Top of Dataset entries

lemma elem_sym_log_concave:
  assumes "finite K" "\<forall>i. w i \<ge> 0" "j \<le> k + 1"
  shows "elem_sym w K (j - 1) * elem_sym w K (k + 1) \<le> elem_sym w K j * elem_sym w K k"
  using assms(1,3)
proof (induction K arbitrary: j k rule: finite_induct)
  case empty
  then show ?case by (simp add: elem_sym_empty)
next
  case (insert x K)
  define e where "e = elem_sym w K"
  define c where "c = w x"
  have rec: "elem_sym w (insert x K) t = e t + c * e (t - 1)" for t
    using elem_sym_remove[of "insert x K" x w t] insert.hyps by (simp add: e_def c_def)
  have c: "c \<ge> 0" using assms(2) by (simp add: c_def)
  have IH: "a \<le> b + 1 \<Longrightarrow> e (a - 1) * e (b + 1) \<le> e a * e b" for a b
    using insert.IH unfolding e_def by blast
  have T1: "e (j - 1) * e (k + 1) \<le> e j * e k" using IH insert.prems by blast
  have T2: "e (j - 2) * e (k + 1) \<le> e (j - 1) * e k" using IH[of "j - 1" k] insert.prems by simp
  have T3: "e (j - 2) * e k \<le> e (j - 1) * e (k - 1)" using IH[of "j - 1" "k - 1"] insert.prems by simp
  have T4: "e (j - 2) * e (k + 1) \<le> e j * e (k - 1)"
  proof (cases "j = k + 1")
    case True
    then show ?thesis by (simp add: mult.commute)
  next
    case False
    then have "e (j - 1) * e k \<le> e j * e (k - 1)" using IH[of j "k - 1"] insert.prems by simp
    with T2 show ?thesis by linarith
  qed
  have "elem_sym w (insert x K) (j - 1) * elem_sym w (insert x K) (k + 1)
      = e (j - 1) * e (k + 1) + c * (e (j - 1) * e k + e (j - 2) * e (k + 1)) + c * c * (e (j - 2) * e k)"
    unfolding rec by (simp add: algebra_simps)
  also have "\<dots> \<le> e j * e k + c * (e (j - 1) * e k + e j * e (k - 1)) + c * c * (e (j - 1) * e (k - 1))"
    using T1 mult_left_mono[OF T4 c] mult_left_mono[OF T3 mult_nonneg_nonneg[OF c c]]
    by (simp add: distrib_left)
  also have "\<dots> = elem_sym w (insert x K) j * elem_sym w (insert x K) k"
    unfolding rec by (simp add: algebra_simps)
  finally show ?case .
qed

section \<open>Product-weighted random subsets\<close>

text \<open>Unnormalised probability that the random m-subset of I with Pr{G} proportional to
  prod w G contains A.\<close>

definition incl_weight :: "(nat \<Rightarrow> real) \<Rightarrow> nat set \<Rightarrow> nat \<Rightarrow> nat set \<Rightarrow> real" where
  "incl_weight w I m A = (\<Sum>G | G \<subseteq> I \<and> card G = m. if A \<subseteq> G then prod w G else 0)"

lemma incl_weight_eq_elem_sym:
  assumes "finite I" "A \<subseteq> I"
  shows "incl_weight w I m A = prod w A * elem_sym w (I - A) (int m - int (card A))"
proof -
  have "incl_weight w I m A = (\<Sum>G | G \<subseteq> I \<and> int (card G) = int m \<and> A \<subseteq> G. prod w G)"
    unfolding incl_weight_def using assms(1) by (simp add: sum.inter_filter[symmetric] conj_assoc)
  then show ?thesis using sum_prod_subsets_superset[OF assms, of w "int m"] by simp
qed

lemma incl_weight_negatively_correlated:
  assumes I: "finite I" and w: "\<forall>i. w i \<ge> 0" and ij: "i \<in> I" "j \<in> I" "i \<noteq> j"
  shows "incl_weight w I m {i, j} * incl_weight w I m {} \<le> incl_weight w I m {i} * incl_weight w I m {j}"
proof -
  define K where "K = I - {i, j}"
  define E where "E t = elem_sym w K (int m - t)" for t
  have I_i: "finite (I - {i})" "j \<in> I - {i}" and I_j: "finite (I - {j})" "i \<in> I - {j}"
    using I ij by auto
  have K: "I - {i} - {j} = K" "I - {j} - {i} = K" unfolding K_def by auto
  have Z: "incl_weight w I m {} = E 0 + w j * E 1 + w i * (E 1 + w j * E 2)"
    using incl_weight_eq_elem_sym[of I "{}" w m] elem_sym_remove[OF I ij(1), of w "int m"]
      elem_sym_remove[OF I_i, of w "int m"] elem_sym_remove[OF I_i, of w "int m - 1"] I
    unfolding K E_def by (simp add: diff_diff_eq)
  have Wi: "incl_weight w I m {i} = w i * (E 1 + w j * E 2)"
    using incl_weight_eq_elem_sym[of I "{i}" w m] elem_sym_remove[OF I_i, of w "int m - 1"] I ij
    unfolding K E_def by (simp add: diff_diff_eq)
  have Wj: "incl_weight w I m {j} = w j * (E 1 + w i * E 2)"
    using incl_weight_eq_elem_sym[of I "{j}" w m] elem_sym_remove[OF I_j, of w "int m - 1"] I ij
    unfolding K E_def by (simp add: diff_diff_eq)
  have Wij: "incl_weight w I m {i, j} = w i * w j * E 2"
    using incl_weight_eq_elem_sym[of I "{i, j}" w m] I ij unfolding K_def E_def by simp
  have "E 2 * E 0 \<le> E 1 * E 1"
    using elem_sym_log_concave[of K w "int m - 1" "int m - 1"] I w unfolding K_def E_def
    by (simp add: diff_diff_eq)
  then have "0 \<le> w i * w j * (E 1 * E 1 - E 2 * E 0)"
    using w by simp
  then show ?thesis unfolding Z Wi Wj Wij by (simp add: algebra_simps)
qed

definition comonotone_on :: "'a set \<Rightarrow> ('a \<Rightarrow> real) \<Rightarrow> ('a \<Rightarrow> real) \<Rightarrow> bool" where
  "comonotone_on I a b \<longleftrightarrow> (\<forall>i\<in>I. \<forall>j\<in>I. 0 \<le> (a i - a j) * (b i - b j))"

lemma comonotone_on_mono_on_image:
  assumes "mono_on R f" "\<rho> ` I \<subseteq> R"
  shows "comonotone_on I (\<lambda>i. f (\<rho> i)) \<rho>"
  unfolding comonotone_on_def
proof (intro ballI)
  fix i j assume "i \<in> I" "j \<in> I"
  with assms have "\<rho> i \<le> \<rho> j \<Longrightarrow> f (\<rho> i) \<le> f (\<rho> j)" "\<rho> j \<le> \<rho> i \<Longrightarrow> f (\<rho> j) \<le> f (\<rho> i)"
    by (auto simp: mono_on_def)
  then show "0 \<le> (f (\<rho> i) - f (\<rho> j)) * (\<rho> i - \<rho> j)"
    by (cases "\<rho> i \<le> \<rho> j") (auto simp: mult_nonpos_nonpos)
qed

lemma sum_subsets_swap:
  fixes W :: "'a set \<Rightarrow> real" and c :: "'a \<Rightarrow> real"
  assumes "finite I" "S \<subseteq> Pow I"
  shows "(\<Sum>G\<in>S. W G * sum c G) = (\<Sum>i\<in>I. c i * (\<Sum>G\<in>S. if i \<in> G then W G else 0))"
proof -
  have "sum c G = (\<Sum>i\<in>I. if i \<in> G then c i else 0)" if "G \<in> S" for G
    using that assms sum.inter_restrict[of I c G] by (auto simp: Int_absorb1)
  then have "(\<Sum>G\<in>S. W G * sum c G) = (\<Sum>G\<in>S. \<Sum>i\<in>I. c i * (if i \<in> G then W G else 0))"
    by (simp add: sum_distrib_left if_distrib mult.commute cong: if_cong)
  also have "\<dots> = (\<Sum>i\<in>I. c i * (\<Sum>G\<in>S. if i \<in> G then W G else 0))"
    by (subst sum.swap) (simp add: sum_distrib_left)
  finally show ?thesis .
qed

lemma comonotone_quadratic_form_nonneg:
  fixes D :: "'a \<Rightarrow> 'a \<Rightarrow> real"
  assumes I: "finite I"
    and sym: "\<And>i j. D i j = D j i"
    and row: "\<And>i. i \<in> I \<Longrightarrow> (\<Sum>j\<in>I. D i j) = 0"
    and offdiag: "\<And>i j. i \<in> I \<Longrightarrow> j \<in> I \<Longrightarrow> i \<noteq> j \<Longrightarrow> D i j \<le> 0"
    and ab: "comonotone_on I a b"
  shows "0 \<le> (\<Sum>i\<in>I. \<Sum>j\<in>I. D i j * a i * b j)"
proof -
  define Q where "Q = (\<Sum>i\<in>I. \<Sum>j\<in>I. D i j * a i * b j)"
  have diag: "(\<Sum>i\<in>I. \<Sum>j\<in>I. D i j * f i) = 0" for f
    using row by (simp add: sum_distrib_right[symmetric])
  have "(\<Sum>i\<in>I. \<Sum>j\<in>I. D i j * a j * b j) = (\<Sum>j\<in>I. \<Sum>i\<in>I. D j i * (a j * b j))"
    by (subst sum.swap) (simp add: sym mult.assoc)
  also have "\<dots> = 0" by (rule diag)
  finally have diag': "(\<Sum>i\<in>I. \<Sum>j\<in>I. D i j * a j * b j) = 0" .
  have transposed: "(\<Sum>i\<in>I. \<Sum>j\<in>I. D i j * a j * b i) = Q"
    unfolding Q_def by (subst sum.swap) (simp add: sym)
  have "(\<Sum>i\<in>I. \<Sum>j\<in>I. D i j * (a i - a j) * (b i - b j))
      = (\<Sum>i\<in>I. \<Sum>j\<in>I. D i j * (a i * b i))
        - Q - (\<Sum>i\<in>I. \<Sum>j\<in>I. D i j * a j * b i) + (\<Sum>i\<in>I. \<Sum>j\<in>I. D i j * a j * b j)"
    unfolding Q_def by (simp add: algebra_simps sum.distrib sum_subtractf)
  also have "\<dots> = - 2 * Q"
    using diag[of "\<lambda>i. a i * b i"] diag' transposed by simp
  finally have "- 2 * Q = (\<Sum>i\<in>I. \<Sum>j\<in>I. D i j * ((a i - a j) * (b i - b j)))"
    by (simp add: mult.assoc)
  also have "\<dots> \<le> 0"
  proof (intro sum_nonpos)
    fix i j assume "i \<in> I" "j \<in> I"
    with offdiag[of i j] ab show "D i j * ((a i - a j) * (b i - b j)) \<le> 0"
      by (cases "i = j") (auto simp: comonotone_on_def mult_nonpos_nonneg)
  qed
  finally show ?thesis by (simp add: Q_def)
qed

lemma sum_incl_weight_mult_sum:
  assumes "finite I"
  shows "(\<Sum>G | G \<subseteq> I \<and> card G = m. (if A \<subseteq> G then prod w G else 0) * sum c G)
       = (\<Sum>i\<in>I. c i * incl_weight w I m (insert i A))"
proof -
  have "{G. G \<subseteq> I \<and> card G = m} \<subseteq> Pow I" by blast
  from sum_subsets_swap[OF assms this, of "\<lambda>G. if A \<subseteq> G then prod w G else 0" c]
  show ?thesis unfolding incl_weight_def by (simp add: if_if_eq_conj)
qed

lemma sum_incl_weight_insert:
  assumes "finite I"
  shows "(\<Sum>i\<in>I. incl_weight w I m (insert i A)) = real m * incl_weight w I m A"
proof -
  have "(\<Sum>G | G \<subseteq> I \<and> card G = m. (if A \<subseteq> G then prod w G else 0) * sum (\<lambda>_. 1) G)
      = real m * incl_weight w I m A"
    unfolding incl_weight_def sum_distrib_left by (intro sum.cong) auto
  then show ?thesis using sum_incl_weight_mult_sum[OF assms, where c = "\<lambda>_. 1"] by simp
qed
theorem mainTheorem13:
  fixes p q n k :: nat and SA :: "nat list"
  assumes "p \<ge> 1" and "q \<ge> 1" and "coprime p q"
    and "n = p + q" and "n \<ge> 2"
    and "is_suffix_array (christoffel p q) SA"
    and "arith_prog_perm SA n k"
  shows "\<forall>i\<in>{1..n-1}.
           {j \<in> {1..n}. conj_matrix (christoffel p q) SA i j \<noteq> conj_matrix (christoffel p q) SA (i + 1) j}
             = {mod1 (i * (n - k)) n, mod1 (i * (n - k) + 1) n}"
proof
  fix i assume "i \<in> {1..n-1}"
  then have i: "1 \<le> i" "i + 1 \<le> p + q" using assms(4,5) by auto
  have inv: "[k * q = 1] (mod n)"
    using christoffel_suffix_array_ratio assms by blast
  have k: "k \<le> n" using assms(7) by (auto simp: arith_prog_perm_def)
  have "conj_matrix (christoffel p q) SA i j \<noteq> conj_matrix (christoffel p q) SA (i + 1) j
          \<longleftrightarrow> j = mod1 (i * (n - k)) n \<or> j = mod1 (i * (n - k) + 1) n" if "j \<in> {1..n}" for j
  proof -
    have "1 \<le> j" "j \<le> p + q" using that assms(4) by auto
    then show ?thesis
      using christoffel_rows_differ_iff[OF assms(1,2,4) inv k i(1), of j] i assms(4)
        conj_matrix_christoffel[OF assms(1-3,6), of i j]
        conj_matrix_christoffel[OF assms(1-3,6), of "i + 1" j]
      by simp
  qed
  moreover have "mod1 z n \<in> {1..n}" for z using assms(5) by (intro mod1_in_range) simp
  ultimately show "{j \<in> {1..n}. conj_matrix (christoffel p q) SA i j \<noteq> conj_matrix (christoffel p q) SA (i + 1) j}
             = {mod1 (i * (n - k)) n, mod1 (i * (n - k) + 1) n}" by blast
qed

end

Bottom of Dataset entries

| Problem description |
The first line of the records begins the span, and the line containing "(insert x K) (k + 1)" ends it. Reproduce that span exactly, both ends included.

| Answer to the problem |
lemma elem_sym_log_concave:
  assumes "finite K" "\<forall>i. w i \<ge> 0" "j \<le> k + 1"
  shows "elem_sym w K (j - 1) * elem_sym w K (k + 1) \<le> elem_sym w K j * elem_sym w K k"
  using assms(1,3)
proof (induction K arbitrary: j k rule: finite_induct)
  case empty
  then show ?case by (simp add: elem_sym_empty)
next
  case (insert x K)
  define e where "e = elem_sym w K"
  define c where "c = w x"
  have rec: "elem_sym w (insert x K) t = e t + c * e (t - 1)" for t
    using elem_sym_remove[of "insert x K" x w t] insert.hyps by (simp add: e_def c_def)
  have c: "c \<ge> 0" using assms(2) by (simp add: c_def)
  have IH: "a \<le> b + 1 \<Longrightarrow> e (a - 1) * e (b + 1) \<le> e a * e b" for a b
    using insert.IH unfolding e_def by blast
  have T1: "e (j - 1) * e (k + 1) \<le> e j * e k" using IH insert.prems by blast
  have T2: "e (j - 2) * e (k + 1) \<le> e (j - 1) * e k" using IH[of "j - 1" k] insert.prems by simp
  have T3: "e (j - 2) * e k \<le> e (j - 1) * e (k - 1)" using IH[of "j - 1" "k - 1"] insert.prems by simp
  have T4: "e (j - 2) * e (k + 1) \<le> e j * e (k - 1)"
  proof (cases "j = k + 1")
    case True
    then show ?thesis by (simp add: mult.commute)
  next
    case False
    then have "e (j - 1) * e k \<le> e j * e (k - 1)" using IH[of j "k - 1"] insert.prems by simp
    with T2 show ?thesis by linarith
  qed
  have "elem_sym w (insert x K) (j - 1) * elem_sym w (insert x K) (k + 1)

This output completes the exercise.